The tests challenge AI tools to perform software engineering tasks of increasing difficulty, ranging from those that take humans only a few seconds up to assignments that require many hours of a coder’s time. Measured that way, the length of the tasks that AI models can successfully complete most of the time has increased exponentially for six years, doubling every seven months.
It’s a bubble 
Few companies have deployed AI broadly across their operations …
Businesses could be big business for AI companies — if they actually use the technology.
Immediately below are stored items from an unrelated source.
section \<open>The curve Gamma_l near the line at infinity\<close>

lemma H_mat_carrier [simp]: "H_mat l mu \<in> carrier_mat l l"
  by (simp add: H_mat_def)

lemma H_mat_add_scalar_eq: "H_mat l mu + lam \<cdot>\<^sub>m 1\<^sub>m l = (lam \<cdot>\<^sub>m 1\<^sub>m l + mu \<cdot>\<^sub>m kac_mat l) + H_mat l 0"
  by (rule eq_matI) (auto simp: H_mat_def H_entry_def kac_mat_def algebra_simps)

lemma norm_kac_mat_entry_le:
  assumes "i < l" "j < l"
  shows "norm (kac_mat l $$ (i, j)) \<le> real l"
proof -
  have "norm (of_nat l - of_nat i :: complex) = real (l - i)"
    using assms by (simp add: of_nat_diff[symmetric] del: of_nat_diff)
  moreover have "norm (of_nat (i + 1) :: complex) = real (i + 1)"
    by (rule norm_of_nat)
  ultimately show ?thesis
    using assms by (auto simp: kac_mat_def)
qed

lemma norm_H_mat_0_entry_le:
  assumes "i < l" "j < l"
  shows "norm (H_mat l 0 $$ (i, j)) \<le> real l ^ 2"
proof (cases "i = j")
  case True
  then have "H_mat l 0 $$ (i, j) = - of_nat (j * (l - j))"
    using assms by (simp add: H_mat_def H_entry_def algebra_simps)
  then have "norm (H_mat l 0 $$ (i, j)) = real (j * (l - j))"
    by (simp only: norm_minus_cancel norm_of_nat)
  also have "\<dots> \<le> real l ^ 2"
    using assms by (simp add: power2_eq_square mult_mono)
  finally show ?thesis .
qed (use assms in \<open>simp add: H_mat_def H_entry_def\<close>)

lemma norm_scalar_add_smult_kac_mat_entry_le:
  assumes "i < l" "j < l"
  shows "norm ((lam \<cdot>\<^sub>m 1\<^sub>m l + mu \<cdot>\<^sub>m kac_mat l) $$ (i, j)) \<le> (real l + 1) * (norm lam + norm mu)"
proof -
  have "(lam \<cdot>\<^sub>m 1\<^sub>m l + mu \<cdot>\<^sub>m kac_mat l) $$ (i, j) = (if i = j then lam else 0) + mu * kac_mat l $$ (i, j)"
    using assms by simp
  also have "norm \<dots> \<le> norm lam + norm mu * norm (kac_mat l $$ (i, j))"
    by (rule norm_triangle_le) (simp add: norm_mult)
  also have "\<dots> \<le> norm lam + norm mu * real l"
    using norm_kac_mat_entry_le[OF assms] by (simp add: mult_left_mono)
  also have "\<dots> \<le> (real l + 1) * (norm lam + norm mu)"
    by (simp add: algebra_simps mult_right_mono)
  finally show ?thesis .
qed

lemma det_H_mat_sub_leading_form_bound:
  "\<exists>C. \<forall>lam mu. 1 \<le> norm lam + norm mu \<longrightarrow>
     norm (det (H_mat l mu + lam \<cdot>\<^sub>m 1\<^sub>m l) - (\<Prod>k<l. lam - kac_eig l k * mu))
       \<le> C * (norm lam + norm mu) ^ (l - 1)"
proof -
  define K where "K = (real l + 1) ^ 2"
  have l_le_K: "real l + 1 \<le> K"
    using mult_left_mono[of 1 "real l + 1" "real l + 1"] by (simp add: K_def power2_eq_square)
  have "norm (det (H_mat l mu + lam \<cdot>\<^sub>m 1\<^sub>m l) - (\<Prod>k<l. lam - kac_eig l k * mu))
      \<le> (fact l * real l * K * (2 * K) ^ (l - 1)) * (norm lam + norm mu) ^ (l - 1)"
    if N: "1 \<le> norm lam + norm mu" for lam mu :: complex
  proof -
    define N where "N = norm lam + norm mu"
    have bound_X: "norm ((lam \<cdot>\<^sub>m 1\<^sub>m l + mu \<cdot>\<^sub>m kac_mat l) $$ (i, j)) \<le> (real l + 1) * N"
      if "i < l" "j < l" for i j
      using norm_scalar_add_smult_kac_mat_entry_le[OF that] unfolding N_def .
    have bound_D: "norm (H_mat l 0 $$ (i, j)) \<le> K" if "i < l" "j < l" for i j
      using norm_H_mat_0_entry_le[OF that] power_mono[of "real l" "real l + 1" 2]
      unfolding K_def by linarith
    have "norm (det (H_mat l mu + lam \<cdot>\<^sub>m 1\<^sub>m l) - (\<Prod>k<l. lam - kac_eig l k * mu))
        \<le> fact l * (real l * K * ((real l + 1) * N + K) ^ (l - 1))"
      unfolding H_mat_add_scalar_eq det_scalar_add_smult_kac_mat[symmetric]
      by (rule norm_det_add_diff_le[OF _ _ bound_X bound_D]) auto
    also have "\<dots> \<le> fact l * (real l * K * (2 * K * N) ^ (l - 1))"
    proof -
      have "(real l + 1) * N \<le> K * N" and "K \<le> K * N"
        using l_le_K N mult_left_mono[of 1 N K] unfolding N_def K_def by (auto intro: mult_right_mono)
      then have "(real l + 1) * N + K \<le> 2 * K * N"
        by simp
      then show ?thesis
        using N unfolding N_def K_def by (intro mult_left_mono power_mono) auto
    qed
    also have "\<dots> = (fact l * real l * K * (2 * K) ^ (l - 1)) * N ^ (l - 1)"
      by (simp add: power_mult_distrib mult_ac)
    finally show ?thesis
      by (simp only: N_def)
  qed
  then show ?thesis
    by blast
qed

lemma Gamma_0: "Gamma 0 = {}"
proof -
  have "H_mat 0 mu + lam \<cdot>\<^sub>m 1\<^sub>m 0 = 1\<^sub>m 0" for lam mu
    by (rule eq_matI) auto
  then show ?thesis
    by (simp add: Gamma_def)
qed

lemma norm_direction_gap_le:
  fixes a b c lam mu :: complex
  shows "norm (a - c * b) * (norm lam + norm mu)
         \<le> (norm a + norm b) * norm (lam - c * mu) + (norm c + 1) * norm (a * mu - b * lam)"
proof -
  have "norm (a - c * b) * norm lam = norm (a * (lam - c * mu) + c * (a * mu - b * lam))"
    by (simp add: norm_mult[symmetric] algebra_simps)
  also have "\<dots> \<le> norm a * norm (lam - c * mu) + norm c * norm (a * mu - b * lam)"
    by (rule norm_triangle_le) (simp add: norm_mult)
  finally have lam: "norm (a - c * b) * norm lam \<le> \<dots>" .
  have "norm (a - c * b) * norm mu = norm (b * (lam - c * mu) + (a * mu - b * lam))"
    by (simp add: norm_mult[symmetric] algebra_simps)
  also have "\<dots> \<le> norm b * norm (lam - c * mu) + norm (a * mu - b * lam)"
    by (rule norm_triangle_le) (simp add: norm_mult)
  finally have mu: "norm (a - c * b) * norm mu \<le> \<dots>" .
  show ?thesis
    using lam mu by (simp add: algebra_simps)
qed

lemma eventually_factor_lower_bound:
  fixes lam mu :: "nat \<Rightarrow> complex"
  defines "N \<equiv> \<lambda>n. norm (lam n) + norm (mu n)"
  assumes direction: "(\<lambda>n. (a * mu n - b * lam n) / of_real (N n)) \<longlonglongrightarrow> 0"
    and gap: "a - c * b \<noteq> 0"
  shows "\<forall>\<^sub>F n in sequentially. norm (a - c * b) / (2 * (norm a + norm b)) * N n \<le> norm (lam n - c * mu n)"
proof -
  define \<epsilon> where "\<epsilon> = norm (a - c * b) / (2 * (norm c + 1))"
  have "a \<noteq> 0 \<or> b \<noteq> 0"
    using gap by auto
  then have S: "0 < norm a + norm b"
    by (auto simp: add_pos_nonneg add_nonneg_pos)
  have "0 < \<epsilon>"
    using gap unfolding \<epsilon>_def by (simp add: add_nonneg_pos)
  with direction have "\<forall>\<^sub>F n in sequentially. norm ((a * mu n - b * lam n) / of_real (N n)) < \<epsilon>"
    by (auto dest: tendstoD simp: dist_norm)
  then show ?thesis
  proof (rule eventually_mono)
    fix n
    assume small: "norm ((a * mu n - b * lam n) / of_real (N n)) < \<epsilon>"
    have "norm (a * mu n - b * lam n) \<le> \<epsilon> * N n"
    proof (cases "N n = 0")
      case True
      then show ?thesis
        unfolding N_def by (simp add: add_nonneg_eq_0_iff)
    next
      case False
      then have "0 < N n"
        unfolding N_def by (simp add: order_le_neq_trans)
      with small show ?thesis
        by (simp add: norm_divide divide_less_eq)
    qed
    then have "(norm c + 1) * norm (a * mu n - b * lam n) \<le> (norm c + 1) * (\<epsilon> * N n)"
      by (simp add: mult_left_mono)
    also have "\<dots> = norm (a - c * b) * N n / 2"
    proof -
      have "norm c + 1 \<noteq> 0"
        using norm_ge_zero[of c] by linarith
      moreover have "u * (x / (2 * u) * y) = x * y / 2" if "u \<noteq> 0" for u x y :: real
        using that by (simp add: field_simps)
      ultimately show ?thesis
        unfolding \<epsilon>_def by blast
    qed
    finally have "norm (a - c * b) * N n
        \<le> (norm a + norm b) * norm (lam n - c * mu n) + norm (a - c * b) * N n / 2"
      using norm_direction_gap_le[of a c b "lam n" "mu n"] unfolding N_def by linarith
    then show "norm (a - c * b) / (2 * (norm a + norm b)) * N n \<le> norm (lam n - c * mu n)"
      using S by (simp add: field_simps)
  qed
qed

lemma eventually_prod_factors_lower_bound:
  fixes lam mu c :: "nat \<Rightarrow> complex"
  defines "N \<equiv> \<lambda>n. norm (lam n) + norm (mu n)"
  assumes direction: "(\<lambda>n. (a * mu n - b * lam n) / of_real (N n)) \<longlonglongrightarrow> 0"
    and gap: "\<And>k. k < l \<Longrightarrow> a - c k * b \<noteq> 0"
  obtains P where "0 < P" and "\<forall>\<^sub>F n in sequentially. P * N n ^ l \<le> norm (\<Prod>k<l. lam n - c k * mu n)"
proof -
  define \<delta> where "\<delta> k = norm (a - c k * b) / (2 * (norm a + norm b))" for k
  have \<delta>_pos: "0 < \<delta> k" if "k < l" for k
  proof -
    have "a \<noteq> 0 \<or> b \<noteq> 0"
      using gap[OF that] by auto
    then show ?thesis
      using gap[OF that] unfolding \<delta>_def by (auto simp: add_pos_nonneg add_nonneg_pos)
  qed
  have "\<forall>\<^sub>F n in sequentially. \<forall>k\<in>{..<l}. \<delta> k * N n \<le> norm (lam n - c k * mu n)"
    using direction gap unfolding \<delta>_def N_def
    by (intro eventually_ball_finite ballI eventually_factor_lower_bound) auto
  then have "\<forall>\<^sub>F n in sequentially. (\<Prod>k<l. \<delta> k) * N n ^ l \<le> norm (\<Prod>k<l. lam n - c k * mu n)"
  proof (rule eventually_mono)
    fix n
    assume "\<forall>k\<in>{..<l}. \<delta> k * N n \<le> norm (lam n - c k * mu n)"
    then have "(\<Prod>k<l. \<delta> k * N n) \<le> (\<Prod>k<l. norm (lam n - c k * mu n))"
      using \<delta>_pos unfolding N_def by (intro prod_mono) (simp add: less_imp_le)
    then show "(\<Prod>k<l. \<delta> k) * N n ^ l \<le> norm (\<Prod>k<l. lam n - c k * mu n)"
      by (simp add: prod.distrib prod_norm)
  qed
  moreover have "0 < (\<Prod>k<l. \<delta> k)"
    using \<delta>_pos by (intro prod_pos) auto
  ultimately show ?thesis
    using that by blast
qed

lemma leading_form_eq_0_if_in_closure_at_infinity:
  assumes "in_closure_at_infinity (Gamma l) a b"
  shows "(\<Prod>k<l. a - kac_eig l k * b) = 0"
proof (rule ccontr)
  assume "(\<Prod>k<l. a - kac_eig l k * b) \<noteq> 0"
  then have gap: "a - kac_eig l k * b \<noteq> 0" if "k < l" for k
    using that by auto
  obtain x where on_curve: "\<And>n. x n \<in> Gamma l"
    and unbounded: "filterlim (\<lambda>n. norm (fst (x n)) + norm (snd (x n))) at_top sequentially"
    and direction: "(\<lambda>n. (a * snd (x n) - b * fst (x n)) / of_real (norm (fst (x n)) + norm (snd (x n))))
                      \<longlonglongrightarrow> 0"
    using assms unfolding in_closure_at_infinity_def by blast
  define lam mu N where "lam n = fst (x n)" and "mu n = snd (x n)" and "N n = norm (lam n) + norm (mu n)" for n
  have "0 < l"
    using on_curve[of 0] Gamma_0 by (cases l) auto
  obtain C where C: "\<And>lam mu. 1 \<le> norm lam + norm mu \<Longrightarrow>
      norm (det (H_mat l mu + lam \<cdot>\<^sub>m 1\<^sub>m l) - (\<Prod>k<l. lam - kac_eig l k * mu))
        \<le> C * (norm lam + norm mu) ^ (l - 1)"
    using det_H_mat_sub_leading_form_bound by blast
  obtain P where "0 < P"
    and lower: "\<forall>\<^sub>F n in sequentially. P * N n ^ l \<le> norm (\<Prod>k<l. lam n - kac_eig l k * mu n)"
    using direction gap unfolding lam_def mu_def N_def by (rule eventually_prod_factors_lower_bound)
  have "\<forall>\<^sub>F n in sequentially. max 1 (C / P + 1) \<le> N n"
    using unbounded unfolding filterlim_at_top N_def lam_def mu_def by blast
  with lower have "\<forall>\<^sub>F n in sequentially.
      P * N n ^ l \<le> norm (\<Prod>k<l. lam n - kac_eig l k * mu n) \<and> max 1 (C / P + 1) \<le> N n"
    by (rule eventually_conj)
  then obtain n where lower: "P * N n ^ l \<le> norm (\<Prod>k<l. lam n - kac_eig l k * mu n)"
    and large: "max 1 (C / P + 1) \<le> N n"
    unfolding eventually_sequentially by blast
  have "P * N n * N n ^ (l - 1) = P * N n ^ l"
    using \<open>0 < l\<close> by (cases l) simp_all
  also have "\<dots> \<le> norm (det (H_mat l (mu n) + lam n \<cdot>\<^sub>m 1\<^sub>m l) - (\<Prod>k<l. lam n - kac_eig l k * mu n))"
    using lower on_curve[of n] by (simp add: Gamma_def lam_def mu_def case_prod_beta)
  also have "\<dots> \<le> C * N n ^ (l - 1)"
    using C large unfolding N_def by simp
  finally have "P * N n \<le> C"
    using large by (simp add: mult_le_cancel_right)
  moreover have "C + P \<le> P * N n"
    using large \<open>0 < P\<close> by (simp add: field_simps)
  ultimately show False
    using \<open>0 < P\<close> by simp
qed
But several surveys have found that while many companies are experimenting with AI tools, few have widely deployed them.
McKinsey reported in November that nearly two-thirds of global businesses adopting AI have not yet scaled the tools across the company.
One problem is that when companies give their employees AI tools, many workers don’t want to use them, said Matt Kropp, a Boston Consulting Group executive who works with corporations trying to deploy AI. “We’re humans, we work the way we work,” he said in an interview. “You have to do something to get people to change their habits and behaviors.”
Not a bubble 
… But many more companies are trying to use AI in their businesses
Only a minority of U.S. businesses report using, or planning to use, AI — but the proportion is steadily growing, according to the U.S. Census Bureau.
Srinivas Narayanan, OpenAI’s chief technology officer for business applications, recently said the company has over 1 million business customers. “We’re seeing incredible progress at the rate at which businesses are adapting AI,” he said at a meeting with reporters, predicting that trend would continue.
The health of the AI industry — and the wider U.S. economy — may depend on whether those businesses find enough value in AI tools to spend a lot more on the technology in coming years.